Orientation in borderland help for people with borderline

20190213 hello minden borderline

About one to two percent of the population suffers from borderline personality disorder. Mostly adolescents and young adults are affected, men and women alike. They have often experienced neglect, violence, severe trauma, sometimes in early childhood. People with borderline personality disorder are under enormous emotional pressure, react to this with self-injury (up to and including attempted suicide), and yet find it difficult to find help. Yet the disorder can be managed with appropriate therapy, says Dr. Elisabeth Wilking, senior physician at the University Clinic for Psychiatry and Psychotherapy of the Muhlenkreiskliniken and a qualified DBT therapist for many years.

"Borderline patients live according to the all-or-nothing principle," she says, describing what is typical of this personality disorder. Moods can turn into the opposite from one moment to the next. This means a constant state of emergency not only for those affected, but also for their social environment. Managing everyday life under such conditions becomes a challenge that patients fail at time and again.

After a project phase lasting several years, a promising therapy concept has now become firmly established at the Lubbecke clinic site. On Ward 2A of the University Hospital for Psychiatry and Psychotherapy, a multiprofessional team offers people with borderline personality disorder an inpatient treatment program based on the principles of Dialectical Behavioral Therapy (DBT), which was developed in the 1980s by American psychologist Marsha Linehan.

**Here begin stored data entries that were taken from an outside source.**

lemma sum_tens_moved_near_0:
  fixes m :: nat
  assumes "s \<ge> 0" and x: "\<And>i. i < m \<Longrightarrow> norm (a i - x i) \<le> \<delta> \<and> norm (T s (x i)) \<le> \<delta>"
    and bound: "\<And>i t. i < m \<Longrightarrow> t \<ge> 0 \<Longrightarrow> norm (S t (b i)) \<le> B"
  shows "norm ((\<Sum>i<m. tens (x i) (b i)) - (\<Sum>i<m. tens (a i) (b i))) \<le> real m * \<delta> * B"
    and "norm (R s (\<Sum>i<m. tens (x i) (b i))) \<le> real m * \<delta> * B"
proof -
  have "(\<Sum>i<m. tens (x i) (b i)) - (\<Sum>i<m. tens (a i) (b i)) = - (\<Sum>i<m. tens (a i - x i) (b i))"
    by (simp add: tens_diff_left sum_subtractf)
  moreover have "norm (\<Sum>i<m. tens (a i - x i) (b i)) \<le> real m * \<delta> * B"
    using x bound[of _ 0] by (intro norm_sum_tens_le) auto
  ultimately show "norm ((\<Sum>i<m. tens (x i) (b i)) - (\<Sum>i<m. tens (a i) (b i))) \<le> real m * \<delta> * B"
    by simp
  show "norm (R s (\<Sum>i<m. tens (x i) (b i))) \<le> real m * \<delta> * B"
    unfolding R_sum_tens[OF \<open>s \<ge> 0\<close>] using x bound \<open>s \<ge> 0\<close> by (intro norm_sum_tens_le) auto
qed

text \<open>Each e j is reached from some S r (e j) at time s, since e j is periodic.\<close>
lemma periodic_sum_tens_reached_from_near_0:
  fixes n :: nat
  assumes "s \<ge> 0" and e: "\<forall>j<n. \<exists>q>0. S q (e j) = e j"
    and y: "\<And>j. j < n \<Longrightarrow> norm (y j) \<le> \<delta> \<and> norm (T s (y j) - c j) \<le> \<delta>"
    and bound: "\<And>j t. j < n \<Longrightarrow> t \<ge> 0 \<Longrightarrow> norm (S t (e j)) \<le> B"
  shows "\<exists>w. norm w \<le> real n * \<delta> * B \<and> norm (R s w - (\<Sum>j<n. tens (c j) (e j))) \<le> real n * \<delta> * B"
proof -
  have "\<exists>r\<ge>0. j < n \<longrightarrow> S s (S r (e j)) = e j" for j
  proof (cases "j < n")
    case True
    then obtain q where "q > 0" "S q (e j) = e j" using e by blast
    then show ?thesis using S.periodic_preimage[OF _ _ \<open>s \<ge> 0\<close>] by blast
  qed auto
  then obtain r where r: "\<And>j. r j \<ge> 0" "\<And>j. j < n \<Longrightarrow> S s (S (r j) (e j)) = e j" by metis
  define w where "w = (\<Sum>j<n. tens (y j) (S (r j) (e j)))"
  have "norm w \<le> real n * \<delta> * B"
    unfolding w_def using y bound r by (intro norm_sum_tens_le) auto
  moreover have "R s w - (\<Sum>j<n. tens (c j) (e j)) = (\<Sum>j<n. tens (T s (y j) - c j) (e j))"
    unfolding w_def R_sum_tens[OF \<open>s \<ge> 0\<close>] using r by (simp add: tens_diff_left sum_subtractf)
  moreover have "norm (\<Sum>j<n. tens (T s (y j) - c j) (e j)) \<le> real n * \<delta> * B"
    using y bound[of _ 0] by (intro norm_sum_tens_le) auto
  ultimately show ?thesis by auto
qed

The basic requirement here is that the individual is willing to work on his or her own to develop skills to manage the condition. "When a patient comes to us and says, 'Make me feel better,' we have to tell them, 'We can't do that.'. To solve the problem is not in our power. But we understand that you are not doing well, we can explain to you from a professional point of view what is going on with you, and we can work with you that you get the problem under control,'" said Dr. Elisabeth Wilking. Those affected are supported in finding access to their self-healing powers. This makes it possible for them to cope with the symptoms of the disorder. Therapists and patients form an alliance for this – and at eye level.

The necessary tools to "make something of their lives despite the heavy mortgage they carry around guiltlessly," as Dr. Wilking describes the situation of borderline patients, they get a six-week inpatient stay. In group and individual therapy, participants learn about the medical background of their behavior, are trained in mindfulness and gain skills to help control emotional tension and their own behavior. The DBT team, consisting of various professional groups such as physicians, psychologists and nursing staff, works closely together in this process, and occupational and physical therapy as well as social work are also firmly involved. The prerequisite and condition for participation in the therapy program is a personal interview to clarify the motivation of the borderline patient. Because: "The drive and the will to change something, even if it's hard, has to be there," emphasizes Dr. Wilking.

The next inpatient course of the University Hospital for Psychiatry and Psychotherapy in the Medical Center for Mental Health, Virchowstrabe 65, in Lubbecke begins on 4. March. Interested persons can apply until 20. February to the management of Station 2A (Marianne Uphoff and Ria Meyer) at 0 57 41 / 35 – 47 42 01, Monday through Friday, 10 a.m. to 12 p.m., to make an appointment for a preliminary interview. A referral by a physician is necessary.